DISCLAIMER: Feel free to skip this post. It's not exactly fun and positive. And it certainly isn't meant to get sympathy--in fact, that is exactly the last thing I want. Seriously. Don't even think about it. In fact, I think I'll back date this so no one sees it, just to ensure that doesn't happen.
So there is a day coming up and I'm not sure that I want to acknowledge. It's my birthday soon. Ok. I know that I'm not "old" old, but I'm not feeling very happy about this. I'll be 27. Again, I know that is not a tragedy--but it kinda is--at least it seems so to me.
Everyone is all like, "How are you going to celebrate the big day? We should do something fun!" Well, that's great. I don't really want to do anything. I'm not going to. I don't really care to.
I feel like I haven't accomplished anything in all those 27 years. I haven't even hit a lot of the major milestones yet. I'm not going to elaborate on what the "milestones" because its embarrassing, but still. I know I'm judging myself kind of harshly about it but I'm not really sure how not to. Anyway. Why bother celebrating something that isn't happy?
The other thing about my birthday is that something always unpleasant (or worse) happens. Its been that way for probably the past 10 years or so. I'm not joking. At the risk of sounding like a complainer (I don't mean to), I am going to provide some examples.
When I turned 16--my mom forgot my birthday. She'll swear this isn't true--but she didn't acknowledge the day at all until late that night. And my friends forgot too. 5-6 days later, they were like, "Wait, when is your birthday again?" Yeah. Seriously. It's a true story.

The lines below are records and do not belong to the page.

lemma tent_has_integral:
  assumes r: "0 < r"
  shows "(tent c r has_integral sqrt (2 * r) ^ 3) {c - r..c + r}"
proof -
  define s where "s = sqrt (2 * r)"
  have s: "0 < s" "r = s * s / 2" using r by (auto simp: s_def)
  have "((\<lambda>x. 4 / s * (x - c + r)) has_integral
          (\<lambda>x. 2 / s * (x - c + r)\<^sup>2) c - (\<lambda>x. 2 / s * (x - c + r)\<^sup>2) (c - r)) {c - r..c}"
    by (rule fundamental_theorem_of_calculus)
       (use r s(1) in \<open>auto intro!: derivative_eq_intros
          simp: has_real_derivative_iff_has_vector_derivative[symmetric] field_simps\<close>)
  then have "((\<lambda>x. 4 / s * (x - c + r)) has_integral 2 / s * r\<^sup>2) {c - r..c}" by simp
  then have left: "(tent c r has_integral 2 / s * r\<^sup>2) {c - r..c}"
    by (rule has_integral_spike_finite[where S = "{}", rotated 2]) (auto simp: tent_def s_def)
  have "((\<lambda>x. 4 / s * (c + r - x)) has_integral
          (\<lambda>x. - 2 / s * (c + r - x)\<^sup>2) (c + r) - (\<lambda>x. - 2 / s * (c + r - x)\<^sup>2) c) {c..c + r}"
    by (rule fundamental_theorem_of_calculus)
       (use r s(1) in \<open>auto intro!: derivative_eq_intros
          simp: has_real_derivative_iff_has_vector_derivative[symmetric] field_simps\<close>)
  then have "((\<lambda>x. 4 / s * (c + r - x)) has_integral 2 / s * r\<^sup>2) {c..c + r}" by simp
  then have right: "(tent c r has_integral 2 / s * r\<^sup>2) {c..c + r}"
    by (rule has_integral_spike_finite[where S = "{}", rotated 2]) (auto simp: tent_def s_def)
  have "(tent c r has_integral 2 / s * r\<^sup>2 + 2 / s * r\<^sup>2) {c - r..c + r}"
    using has_integral_combine[OF _ _ left right] r by simp
  moreover have "2 / s * r\<^sup>2 + 2 / s * r\<^sup>2 = s ^ 3"
    using s by (simp add: field_simps power2_eq_square power3_eq_cube)
  ultimately show ?thesis by (simp add: s_def)
qed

I don't really remember my 18th birthday because it was overshadowed by probably one of the worst and most embarrassing experiences of my life. Please don't ask me about it.
Four years ago, I found out that I have a condition that will make it very difficult for me to get and stay pregnant--eventually--when I get to that milestone. It was devastating to say the least. Thankfully, I'm fine and it is definitely not life threatening--but it is sad to me.
The next day was my birthday and Stake Conference. I thought Stake Conference would be wonderful and uplifting and help me feel better. Yeah, not so much. I'm not joking when I say--EVERY talk was about having families and how wonderful and magical it is and such a blessing, blah, blah, blah. Not exactly what I wanted to hear right then. I cried the entire time. It was so bad and uncomfortable that I almost left early. And I never, ever consider doing that. But then I decided to stick it out hoping that there would be the perfect talk just for me. There wasn't. I still don't know what I learned from that meeting.
(As a side note--I have learned to deal with this. And I am okay with it. I'm looking forward to the time when I'll be able to adopt! I'm so grateful that the Church has an adoption program.)
Two years ago, I found out that I have a fairly significant gluten intolerance a couple of weeks before my birthday (the week my sister got married) so I couldn't have her wedding cake or birthday cake. Not cool.
Last year I found out I have allergies to pineapple (one of my favorites) and walnuts and now have to carry an Epi-Pen with me. Not too long after that I found out that I have a pretty significant allergy to Wasps. That was painful.
Anyway these are just a few of the highlights, there are others, but I don't want to get into it. It just makes me sound like even more of a complainer.
I've had a few good birthdays, but I guess for me they have never been anything too special. Maybe that is why I love celebrating other people's birthdays so much--so that their birthdays are special--as they should be.
To end on a good note--last year's birthday was fun. It was on a Monday and I went to FHE, which was our ward's Pine Wood Derby. It was fun and my house won "Prettiest Car" Award. Then my roommates surprised me with a big cake (that I couldn't eat, lol) at FHE. It was really sweet. Afterward, some of our friends and I went to Cheesecake Factory-one of my favorite restaurants to eat.
Anyway--so that is how I feel about my birthday. I'm pretty ambivalent. I've gotten to the point that I just don't care. Life has taught me that when it comes to my birthday, if I lower my expectations enough, then anything positive will make like the best ever.